MORGANTOWN – West Virginia Army veteran and former POW Jessica Lynch came ot WVU Tuesday night to tell the story of her ordeal and her life since – and to share her message of encouragement and perseverance.
“Any time I am faced with any kind of life struggles, it’s like I just can’t give up,” she said. “Don’t quit now. … Whatever it is, just never give up. Always find something good and positive that you look forward to, and just keep striving.”
WVU’s Center for Veteran, Military and Family Programs hosted Lynch’s appearance.
West Virginia National Guard Adjutant General Bill Crane was pleased to introduce her, and to finally meet her after 21 years.
He was a very young major in 2003 when Lynch was captured, he said. He was assigned the duty of having to inform her parents that she was missing in action.
This week, he and Lynch had lunch together. “I was so glad to finally get to meet her, because it had been 21 years since it had happened.” He turned to her, “I’m so proud of all you do for the state of West Virginia, and our country and for our veterans.”
Lynch opened her story back I 2001, after graduating from high school in May 2001, with plans to become a kindergarten teacher. That plan took an unexpected turn when she, age 18, and her younger sister and older brother were at home one day, and an Army recruiter came to their door.
She and her brother enlisted that day and she trained as a supply clerk, she said.
Jump to 2003. She’d re-enlisted with the hope of serving in Hawaii. Instead, she was deployed to Kuwait. She chuckled, saying her commander told her, “But I’m giving you sand.”
Now 19 and just shy of turning 20, she was part of the 507th Maintenance Company Air Defense Artillery. The invasion of Iraq began March 20. A convoy set out for Baghdad.
On the second day, her unit fell behind, she said. She was among 33 people in 17 vehicles who stayed behind as the rest pushed on. By that night, they realized they were lost and 19 hours behind the convoy.
On March 23, they thought they saw the convoy lights but instead found themselves in the Iraqi city of Nasiriyah. Iraqis with guns started appearing, even children bearing AK-47s. It was an ambush.
She was in a four-person Humvee with five soldiers that crashed into another vehicle. The driver, Lori Piestewa, died in the crash and the three men in the Humvee were shot to death. Lynch was knocked unconscious, taken out and dragged to a nearby palace.
Her captors broke her bones, she said: They snapped her right humerus (upper arm bone), broke vertebrae in her back, her left femur, her ribs, smashed her left tibia with a metal pipe. Her right foot was broken and crushed.
She awoke in a bed in what was then called Saddam Hospital. She couldn’t feel anything from waist down. She was constantly moved around the hospital and one day taken to an operating room.
“I started to freak out,” she said. She didn’t know what they were going to do. She cried and begged them to stop. They did and returned her to a room.
For a time, she was taken to an abandoned building on the outskirts of town and left alone, then returned to the hospital. She had no sense of time. Except for 4 ounces of orange juice served to her for a proof-of-life video, she had no food or water.

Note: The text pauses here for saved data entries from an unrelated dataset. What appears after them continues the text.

lemma card_unambiguous_A1_le:
  assumes "finite A" and "a0 \<le> 2 * t"
    and F: "network_code A [a0, a1] [b0, b1] F" and C: "unambiguous A1 A [a0, a1] t i F C"
  shows "finite C \<and> card C \<le> card A ^ (b1 * i)"
proof -
  define L where "L = {w. set w \<subseteq> A \<and> length w = b1}"
  define h where "h xs = map (\<lambda>x. F 1 (x ! 1)) xs" for xs :: "'a list list list"
  have len: "length xs = i" and valid: "\<And>r. r < i \<Longrightarrow> valid_input A [a0, a1] (xs ! r)"
    if "xs \<in> C" for xs
    using C that unfolding unambiguous_def by blast+
  have "h xs \<in> {ws. set ws \<subseteq> L \<and> length ws = i}" if "xs \<in> C" for xs
  proof -
    have "F 1 (x ! 1) \<in> L" if "x \<in> set xs" for x
    proof -
      have "valid_input A [a0, a1] x"
        using \<open>xs \<in> C\<close> \<open>x \<in> set xs\<close> len valid by (auto simp: in_set_conv_nth)
      then show ?thesis
        using F by (simp add: L_def network_code_two_nodes valid_input_two_nodes)
    qed
    then show ?thesis
      using len \<open>xs \<in> C\<close> by (auto simp: h_def)
  qed
  then have img: "h ` C \<subseteq> {ws. set ws \<subseteq> L \<and> length ws = i}"
    by blast
  have inj: "inj_on h C"
  proof (rule inj_onI, rule ccontr)
    fix xs xs' assume "xs \<in> C" "xs' \<in> C" "h xs = h xs'" "xs \<noteq> xs'"
    have "F 1 (xs ! r ! 1) = F 1 (xs' ! r ! 1)" if "r < length xs" for r
    proof -
      have "h xs ! r = h xs' ! r"
        using \<open>h xs = h xs'\<close> by simp
      then show ?thesis
        using that len \<open>xs \<in> C\<close> \<open>xs' \<in> C\<close> by (simp add: h_def)
    qed
    then have "fanout_multi A1 A [a0, a1] t F xs \<inter> fanout_multi A1 A [a0, a1] t F xs' \<noteq> {}"
      using len valid \<open>xs \<in> C\<close> \<open>xs' \<in> C\<close> \<open>a0 \<le> 2 * t\<close>
      by (intro fanout_multi_A1_meet) simp_all
    then show False
      using C \<open>xs \<in> C\<close> \<open>xs' \<in> C\<close> \<open>xs \<noteq> xs'\<close> unfolding unambiguous_def by blast
  qed
  have "finite L" "card L = card A ^ b1"
    using \<open>finite A\<close> by (simp_all add: L_def finite_lists_length_eq card_lists_length_eq)
  then have fin: "finite {ws. set ws \<subseteq> L \<and> length ws = i}"
    and card: "card {ws. set ws \<subseteq> L \<and> length ws = i} = card A ^ (b1 * i)"
    by (simp_all add: finite_lists_length_eq card_lists_length_eq power_mult)
  show ?thesis
    using inj_on_finite[OF inj img fin] card_inj_on_le[OF inj img fin] card by simp
qed

section \<open>Threshold decoding\<close>

definition frequent_symbols :: "nat \<Rightarrow> 'a list \<Rightarrow> 'a set" where
  "frequent_symbols t y = {a \<in> set y. t \<le> count_list y a}"

text \<open>The fallback \<open>hd y\<close> is arbitrary: on words received from a repetition codeword through at
  most \<open>t\<close> corrupted edges some symbol always occurs at least \<open>t\<close> times.\<close>

definition threshold_decode :: "('a \<Rightarrow> nat) \<Rightarrow> nat \<Rightarrow> 'a list \<Rightarrow> 'a" where
  "threshold_decode rk t y =
     (if frequent_symbols t y = {} then hd y else arg_min_on rk (frequent_symbols t y))"

lemma finite_frequent_symbols: "finite (frequent_symbols t y)"
  unfolding frequent_symbols_def by simp

lemma threshold_decode_in_set: "y \<noteq> [] \<Longrightarrow> threshold_decode rk t y \<in> set y"
  using arg_min_if_finite(1)[OF finite_frequent_symbols, of t y rk]
  by (auto simp: threshold_decode_def frequent_symbols_def)

lemma threshold_decode_rank_le:
  assumes "0 < t" and "t \<le> count_list y a"
  shows "rk (threshold_decode rk t y) \<le> rk a"
proof -
  have "a \<in> frequent_symbols t y"
    using assms count_list_0_iff[of y a] by (simp add: frequent_symbols_def)
  then show ?thesis
    using arg_min_least[OF finite_frequent_symbols, of t y a rk] by (auto simp: threshold_decode_def)
qed

lemma count_list_add_le_length: "a \<noteq> b \<Longrightarrow> count_list y a + count_list y b \<le> length y"
  by (induction y) auto

lemma threshold_decode_eq:
  assumes "length y \<le> 2 * t" and "t < count_list y a"
  shows "threshold_decode rk t y = a"
proof -
  have "b = a" if "t \<le> count_list y b" for b
    using that assms count_list_add_le_length[of a b y] by (cases "b = a") auto
  moreover have "a \<in> set y"
    using assms(2) count_list_0_iff[of y a] by auto
  ultimately have "frequent_symbols t y = {a}"
    using assms(2) by (auto simp: frequent_symbols_def)
  then show ?thesis
    using arg_min_if_finite(1)[of "{a}" rk] by (simp add: threshold_decode_def)
qed

lemma count_list_ge_if_agrees:
  assumes "finite V" and "\<And>k. k < length y \<Longrightarrow> k \<notin> V \<Longrightarrow> y ! k = a"
  shows "length y - card V \<le> count_list y a"
proof -
  have "length y - card V \<le> card ({..<length y} - V)"
    using diff_card_le_card_Diff[OF assms(1)] by (metis card_lessThan)
  also have "\<dots> \<le> card {k. k < length y \<and> a = y ! k}"
    using assms(2) by (intro card_mono) auto
  also have "\<dots> = count_list y a"
    by (simp add: count_list_eq_length_filter length_filter_conv_card)
  finally show ?thesis .
qed

lemma threshold_decode_corrupted:
  assumes "length y = 2 * t" and "finite V" and "\<And>k. k < length y \<Longrightarrow> k \<notin> V \<Longrightarrow> y ! k = a"
  shows "card V < t \<Longrightarrow> threshold_decode rk t y = a"
    and "card V \<le> t \<Longrightarrow> 0 < t \<Longrightarrow> rk (threshold_decode rk t y) \<le> rk a"
  using count_list_ge_if_agrees[OF assms(2,3)] assms(1)
  by (auto intro: threshold_decode_eq threshold_decode_rank_le)

section \<open>Repetition code\<close>

definition threshold_decoder :: "('a \<Rightarrow> nat) \<Rightarrow> nat \<Rightarrow> nat \<Rightarrow> 'a list \<Rightarrow> 'a list" where
  "threshold_decoder rk t j y = [threshold_decode rk t y]"

definition repetition_input :: "nat \<Rightarrow> 'a \<Rightarrow> 'a list list" where
  "repetition_input t a = [replicate (2 * t) a, replicate (2 * t) a]"

lemma inj_repetition_input: "1 \<le> t \<Longrightarrow> inj (repetition_input t)"
  by (auto simp: inj_def repetition_input_def replicate_eq_replicate)

lemma network_code_threshold_decoder:
  assumes "1 \<le> t"
  shows "network_code A [2 * t, 2 * t] [1, 1] (threshold_decoder rk t)"
proof -
  have "threshold_decode rk t y \<in> A" if "length y = 2 * t" "set y \<subseteq> A" for y
  proof -
    have "y \<noteq> []"
      using that(1) assms by auto
    then show ?thesis
      using threshold_decode_in_set that(2) by blast
  qed
  then show ?thesis
    by (simp add: network_code_two_nodes threshold_decoder_def)
qed

lemma valid_repetition_input: "a \<in> A \<Longrightarrow> valid_input A [2 * t, 2 * t] (repetition_input t a)"
  by (simp add: valid_input_two_nodes repetition_input_def set_replicate_conv_if)

lemma repetition_input_agrees_off:
  assumes "agrees_off [2 * t, 2 * t] W (repetition_input t a) y"
    and "j < 2" "k < 2 * t" "(j, k) \<notin> W"
  shows "y ! j ! k = a"
proof -
  have "(j, k) \<in> source_edges [2 * t, 2 * t] - W"
    using assms(2-4) by (auto simp: source_edges_two_nodes less_2_cases_iff)
  from bspec[OF assms(1)[unfolded agrees_off_def] this]
  have "y ! j ! k = repetition_input t a ! j ! k"
    by simp
  moreover have "repetition_input t a ! j = replicate (2 * t) a"
    using assms(2) by (cases j) (simp_all add: repetition_input_def)
  ultimately show ?thesis
    using assms(3) by simp
qed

Her rescuers arrived on April 1. In a hospital in Germany, she learned the Iraqis has removed her femur and replaced it with an unsterilized 1940s rod designed for a man, which caused an infection. She’d been taken to the Iraqi OR to have the leg amputated.
Since then, she’s had 22 surgeries and soon faces her ninth surgery on her foot. But she carries on. “I know that I am just blessed to be here.” With each surgery, “I come out stronger than I went in.”
More of her story unfolded during a Q&A session.
About 10 years ago, she wa shit with PTSD. “It was just kind of like a light switch that flipped on me.”
She reached a point of planning suicide and was alone in her car when she suddenly thought, “I don’t want my daughter to grow up without a mom.”
She won’t compare her nine days to the years other veterans have suffered in captivity. But, “in the shape that I was in, I definitely would not have survived any more than that.” She felt the life fading from her.
She finally did achieve her career dream. She earned her bachelor’s and master’s degrees and she now substitute teaches in Wirt and Wood counties. And she also serves part time with the state Department of Veterans Assistance helping with claims.
And she did finally make it to Hawaii, with some friends. “We just got to relax and chill on the beach – the real sand.”